Medication Errors in Downsized Hospital Environments

Nurses have many responsibilities within a hospital as they assist doctors in procedures and monitor patient’s condition during the entirety of their stay in the hospital. One of their primary responsibilities is delivering medication, and failure to administer it is among the most severe mistakes a nurse can make. This essay will discuss medication omission during a shift change and the investigation procedure into the error.

Investigation into Failure to Deliver Medication

A downsized work environment in a hospital can affect patients’ health and well-being. Research shows that understaffing in a hospital leads to multiple adverse outcomes, including administering the wrong medicine, the wrong dosage, delivering the dose later than needed, or failing to provide it (Glette et al., 2017). Depending on the patient’s condition and medicine that needs to be given, failure to deliver the dose can lead to critical danger to their health.

The nursing supervisor should be responsible for investigating the circumstances behind the failure to administer medication to the patient during the shift change. Several steps should be taken during the inquiry into the mistake. First, the supervisor needs to establish who was the senior staff member during each shift and which nurses were assigned to the patient in question. These persons need to provide additional information on the shift and what happened during it. The staff’s recollections will help gain insight into the events of the shift change and help identify the circumstances behind the mistake.

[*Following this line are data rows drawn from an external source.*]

(* Let $w = e^{i\varphi}$ with $0 < \varphi < \pi$, and put $\sqrt{w} = e^{i\varphi/2}$. Let $n$ and $r$ be positive integers and \[ R_{n,r}(x) = \frac{\Gamma(r+1+1/n)}{r!\,\Gamma(1/n)} \int_{1}^{x} (1-t)^{r}(t-x)^{r} t^{-(r+1-1/n)}\, dt, \] where the integration path is the straight line from $1$ to $x$. Then \[ \left|R_{n,r}(w)\right| \leq \frac{\Gamma(r+1+1/n)}{r!\,\Gamma(1/n)}\, \varphi\, \left|1-\sqrt{w}\right|^{2r}. \]
   Context: The power $t^{-(r+1-1/n)}$ is taken with the principal branch. *)

theory Defs
  imports "HOL-Complex_Analysis.Complex_Analysis"
begin

definition Rconst :: "nat \<Rightarrow> nat \<Rightarrow> real" where
  "Rconst n r = Gamma (real r + 1 + 1 / real n) / (fact r * Gamma (1 / real n))"

text \<open>R_{n,r}(x): contour integral along the straight line from 1 to x;
  complex powr is the principal branch.\<close>
definition R_nr :: "nat \<Rightarrow> nat \<Rightarrow> complex \<Rightarrow> complex" where
  "R_nr n r x = complex_of_real (Rconst n r) *
     contour_integral (linepath 1 x)
       (\<lambda>t. (1 - t) ^ r * (t - x) ^ r * t powr (- complex_of_real (real r + 1 - 1 / real n)))"

end

theory Submission
  imports Defs
begin

text \<open>Since the integrand is holomorphic off the cut \<open>\<real>\<^sub>\<le>\<^sub>0\<close>, Cauchy's theorem in the
  half plane \<open>Re (t / \<surd>w) > 0\<close> moves the integral from the segment \<open>[1, w]\<close> to the unit
  arc from \<open>1\<close> to \<open>w\<close>. On that arc \<open>|t powr -c| = 1\<close>, and for \<open>t = cis \<theta>\<close> the product
  \<open>|1 - t| |t - w| = 4 sin (\<theta>/2) sin ((\<phi> - \<theta>)/2)\<close> is largest at the midpoint \<open>\<theta> = \<phi>/2\<close>,
  where it equals \<open>|1 - \<surd>w|\<^sup>2\<close>; the arc has length \<open>\<phi>\<close>.\<close>

lemma norm_1_minus_cis: "cmod (1 - cis x) = 2 * \<bar>sin (x / 2)\<bar>"
proof -
  have "(cmod (1 - cis x))\<^sup>2 = (1 - cos x)\<^sup>2 + (sin x)\<^sup>2"
    by (simp add: cmod_power2)
  also have "\<dots> = 2 - 2 * cos x"
    using sin_cos_squared_add[of x] by (simp add: power2_eq_square algebra_simps)
  also have "\<dots> = (2 * \<bar>sin (x / 2)\<bar>)\<^sup>2"
    using cos_double_sin[of "x / 2"] by (simp add: power2_eq_square)
  finally show ?thesis
    by (metis abs_ge_zero norm_ge_zero power2_eq_iff_nonneg zero_le_mult_iff zero_le_numeral)
qed

lemma norm_1_minus_cis_mult_norm_cis_diff_le:
  assumes "0 \<le> \<theta>" "\<theta> \<le> \<phi>" "\<phi> < pi"
  shows "cmod (1 - cis \<theta>) * cmod (cis \<theta> - cis \<phi>) \<le> (cmod (1 - cis (\<phi> / 2)))\<^sup>2"
proof -
  have "cis \<theta> - cis \<phi> = cis \<theta> * (1 - cis (\<phi> - \<theta>))"
    by (simp add: algebra_simps cis_mult)
  then have dist: "cmod (cis \<theta> - cis \<phi>) = 2 * \<bar>sin ((\<phi> - \<theta>) / 2)\<bar>"
    by (simp add: norm_mult norm_1_minus_cis)
  have "sin (\<theta> / 2) \<ge> 0" "sin ((\<phi> - \<theta>) / 2) \<ge> 0" "sin (\<phi> / 4) \<ge> 0"
    using assms by (auto intro!: sin_ge_zero)
  then have "cmod (1 - cis \<theta>) * cmod (cis \<theta> - cis \<phi>) = 4 * (sin (\<theta> / 2) * sin ((\<phi> - \<theta>) / 2))"
    and mid: "(cmod (1 - cis (\<phi> / 2)))\<^sup>2 = (2 * sin (\<phi> / 4))\<^sup>2"
    by (simp_all add: norm_1_minus_cis dist)
  moreover have "4 * (sin (\<theta> / 2) * sin ((\<phi> - \<theta>) / 2))
      = 2 * (cos (\<theta> / 2 - (\<phi> - \<theta>) / 2) - cos (\<theta> / 2 + (\<phi> - \<theta>) / 2))"
    by (simp add: sin_times_sin)
  moreover have "\<dots> \<le> 2 * (1 - cos (\<phi> / 2))"
    using cos_le_one[of "\<theta> / 2 - (\<phi> - \<theta>) / 2"] by (simp add: field_simps)
  moreover have "2 * (1 - cos (\<phi> / 2)) = (2 * sin (\<phi> / 4))\<^sup>2"
    using cos_double_sin[of "\<phi> / 4"] by (simp add: power2_eq_square)
  ultimately show ?thesis
    by (simp add: mid)
qed

lemma inner_cis_cis: "inner (cis \<alpha>) (cis \<beta>) = cos (\<beta> - \<alpha>)"
  by (simp add: inner_complex_def cos_diff algebra_simps)

lemma cis_in_halfplane:
  assumes "0 \<le> \<theta>" "\<theta> \<le> \<phi>" "\<phi> < pi"
  shows "0 < inner (cis (\<phi> / 2)) (cis \<theta>)"
  unfolding inner_cis_cis using assms by (intro cos_gt_zero_pi) auto

lemma halfplane_disjoint_nonpos_Reals:
  assumes "0 \<le> Re a" "0 < inner a x"
  shows "x \<notin> \<real>\<^sub>\<le>\<^sub>0"
proof
  assume "x \<in> \<real>\<^sub>\<le>\<^sub>0"
  then have "inner a x \<le> 0"
    using assms(1) by (auto simp: complex_nonpos_Reals_iff inner_complex_def mult_nonneg_nonpos)
  with assms(2) show False
    by simp
qed

lemma contour_integral_linepath_eq_part_circlepath:
  assumes "f holomorphic_on S" "open S" "convex S" "0 \<le> \<phi>"
    and arc: "path_image (part_circlepath 0 1 0 \<phi>) \<subseteq> S"
  shows "contour_integral (linepath 1 (cis \<phi>)) f = contour_integral (part_circlepath 0 1 0 \<phi>) f"
proof -
  define \<gamma> where "\<gamma> = part_circlepath 0 1 0 \<phi>"
  have ends: "pathstart \<gamma> = 1" "pathfinish \<gamma> = cis \<phi>"
    by (simp_all add: \<gamma>_def cis_conv_exp)
  have "valid_path \<gamma>" "path_image \<gamma> \<subseteq> S"
    using arc by (simp_all add: \<gamma>_def)
  moreover have "1 \<in> S" "cis \<phi> \<in> S"
    using ends pathstart_in_path_image pathfinish_in_path_image \<open>path_image \<gamma> \<subseteq> S\<close>
    by (metis subsetD)+
  then have seg: "path_image (linepath 1 (cis \<phi>)) \<subseteq> S"
    using assms(3) by (simp add: closed_segment_subset)
  ultimately have "(f has_contour_integral 0) (linepath 1 (cis \<phi>) +++ reversepath \<gamma>)"
    using ends by (intro Cauchy_theorem_convex_simple[OF assms(1,3)])
      (auto simp: path_image_join valid_path_join)
  then have "contour_integral (linepath 1 (cis \<phi>) +++ reversepath \<gamma>) f = 0"
    by (rule contour_integral_unique)
  moreover have "f contour_integrable_on linepath 1 (cis \<phi>)" "f contour_integrable_on \<gamma>"
    using seg \<open>valid_path \<gamma>\<close> \<open>path_image \<gamma> \<subseteq> S\<close>
    by (auto intro!: contour_integrable_holomorphic_simple[OF assms(1,2)])
  ultimately show ?thesis
    using ends \<open>valid_path \<gamma>\<close> unfolding \<gamma>_def[symmetric]
    by (simp add: contour_integral_join contour_integrable_reversepath contour_integral_reversepath)
qed

lemma norm_contour_integral_linepath_le_arc:
  assumes "f holomorphic_on S" "open S" "convex S" "0 \<le> \<phi>"
    and arc: "path_image (part_circlepath 0 1 0 \<phi>) \<subseteq> S"
    and bound: "\<And>z. z \<in> path_image (part_circlepath 0 1 0 \<phi>) \<Longrightarrow> norm (f z) \<le> B"
  shows "norm (contour_integral (linepath 1 (cis \<phi>)) f) \<le> B * \<phi>"
proof -
  have "f contour_integrable_on part_circlepath 0 1 0 \<phi>"
    using assms(1,2) arc by (intro contour_integrable_holomorphic_simple) auto
  moreover have "0 \<le> B"
    using bound[OF pathstart_in_path_image] norm_ge_zero order_trans by blast
  ultimately have "norm (contour_integral (part_circlepath 0 1 0 \<phi>) f) \<le> B * 1 * (\<phi> - 0)"
    using assms(4) bound
    by (intro has_contour_integral_bound_part_circlepath) (auto simp: has_contour_integral_integral)
  then show ?thesis
    using contour_integral_linepath_eq_part_circlepath[OF assms(1-5)] by simp
qed

lemma holomorphic_on_halfplane_powr_integrand:
  assumes "0 \<le> Re a"
  shows "(\<lambda>t. (1 - t) ^ r * (t - w) ^ r * t powr s) holomorphic_on {t. 0 < inner a t}"
  by (intro holomorphic_intros) (use halfplane_disjoint_nonpos_Reals assms in blast)

lemma norm_powr_integrand_on_arc_le:
  fixes c :: real
  assumes "0 \<le> \<theta>" "\<theta> \<le> \<phi>" "\<phi> < pi"
  shows "norm ((1 - cis \<theta>) ^ r * (cis \<theta> - cis \<phi>) ^ r * cis \<theta> powr complex_of_real c)
    \<le> norm (1 - cis (\<phi> / 2)) ^ (2 * r)"
proof -
  have "norm ((1 - cis \<theta>) ^ r * (cis \<theta> - cis \<phi>) ^ r * cis \<theta> powr complex_of_real c)
      = (cmod (1 - cis \<theta>) * cmod (cis \<theta> - cis \<phi>)) ^ r"
    by (simp add: norm_mult norm_power norm_powr_real_powr' power_mult_distrib)
  also have "\<dots> \<le> ((cmod (1 - cis (\<phi> / 2)))\<^sup>2) ^ r"
    using norm_1_minus_cis_mult_norm_cis_diff_le[OF assms] by (intro power_mono) auto
  finally show ?thesis
    by (simp add: power_mult)
qed

lemma Rconst_nonneg:
  assumes "0 < n"
  shows "0 \<le> Rconst n r"
  unfolding Rconst_def using assms
  by (intro divide_nonneg_pos mult_pos_pos Gamma_real_pos less_imp_le) (auto intro: add_pos_nonneg)

theorem lemma2p5:
  fixes \<phi> :: real and n r :: nat and w sqw :: complex
  assumes "0 < \<phi>" and "\<phi> < pi" and "0 < n" and "0 < r"
    and "w = exp (\<i> * complex_of_real \<phi>)"
    and "sqw = exp (\<i> * complex_of_real (\<phi> / 2))"
  shows "norm (R_nr n r w) \<le> Rconst n r * \<phi> * norm (1 - sqw) ^ (2 * r)"
proof -
  have w: "w = cis \<phi>" and sqw: "sqw = cis (\<phi> / 2)"
    using assms(5,6) by (simp_all add: cis_conv_exp)
  define f where
    "f = (\<lambda>t. (1 - t) ^ r * (t - w) ^ r * t powr (- complex_of_real (real r + 1 - 1 / real n)))"
  have arc: "path_image (part_circlepath 0 1 0 \<phi>) = cis ` {0..\<phi>}"
    using assms(1) by (simp add: path_image_part_circlepath' closed_segment_eq_real_ivl)
  have "norm (contour_integral (linepath 1 w) f) \<le> norm (1 - sqw) ^ (2 * r) * \<phi>"
    unfolding w
  proof (rule norm_contour_integral_linepath_le_arc[where S = "{t. 0 < inner (cis (\<phi> / 2)) t}"])
    show "f holomorphic_on {t. 0 < inner (cis (\<phi> / 2)) t}"
      unfolding f_def using assms(1,2)
      by (intro holomorphic_on_halfplane_powr_integrand) (auto intro!: cos_ge_zero)
    show "path_image (part_circlepath 0 1 0 \<phi>) \<subseteq> {t. 0 < inner (cis (\<phi> / 2)) t}"
      unfolding arc using cis_in_halfplane assms(2) by auto
    show "norm (f t) \<le> norm (1 - sqw) ^ (2 * r)" if "t \<in> path_image (part_circlepath 0 1 0 \<phi>)" for t
      using that assms(2) norm_powr_integrand_on_arc_le[of _ \<phi> r "- (real r + 1 - 1 / real n)"]
      unfolding arc f_def w sqw by auto
  qed (use assms(1) in \<open>auto intro: convex_halfspace_gt open_halfspace_gt\<close>)
  moreover have "R_nr n r w = complex_of_real (Rconst n r) * contour_integral (linepath 1 w) f"
    by (simp add: R_nr_def f_def)
  ultimately have "norm (R_nr n r w) \<le> Rconst n r * (norm (1 - sqw) ^ (2 * r) * \<phi>)"
    using Rconst_nonneg[OF assms(3)] by (simp add: norm_mult mult_left_mono)
  then show ?thesis
    by (simp add: algebra_simps)
qed

end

Second, the nurse-to-patient ratio in the ward should be established. The supervisor needs to clarify how many cases each nurse was assigned to and their severity. If the staff members accountable for the person who was not given medicine were responsible for more than four people overall, the medication error could be attributed to understaffing (Glette et al., 2017). However, if the nurse in question was charged with fewer than four cases, the mistake can be attributed to them.

Conclusion

In conclusion, the omission of medication is a severe mistake and, in some cases, can be attributed to the downsized work environment. When investigating, the supervisor should consult the senior staff members on the shifts and all the nurses assigned to the patient who did not receive their medication. Furthermore, the nurse-to-patient ratio during the shifts should be examined to understand the nurses’ workload and whether understaffing is the primary cause of the error.

Reference

Glette, M. K., Aase, K., & Wiig, S. (2017). The relationship between understaffing of nurses and patient safety in hospitals—A literature review with thematic analysis. Open Journal of Nursing, 07(12), 1387-1429. Web.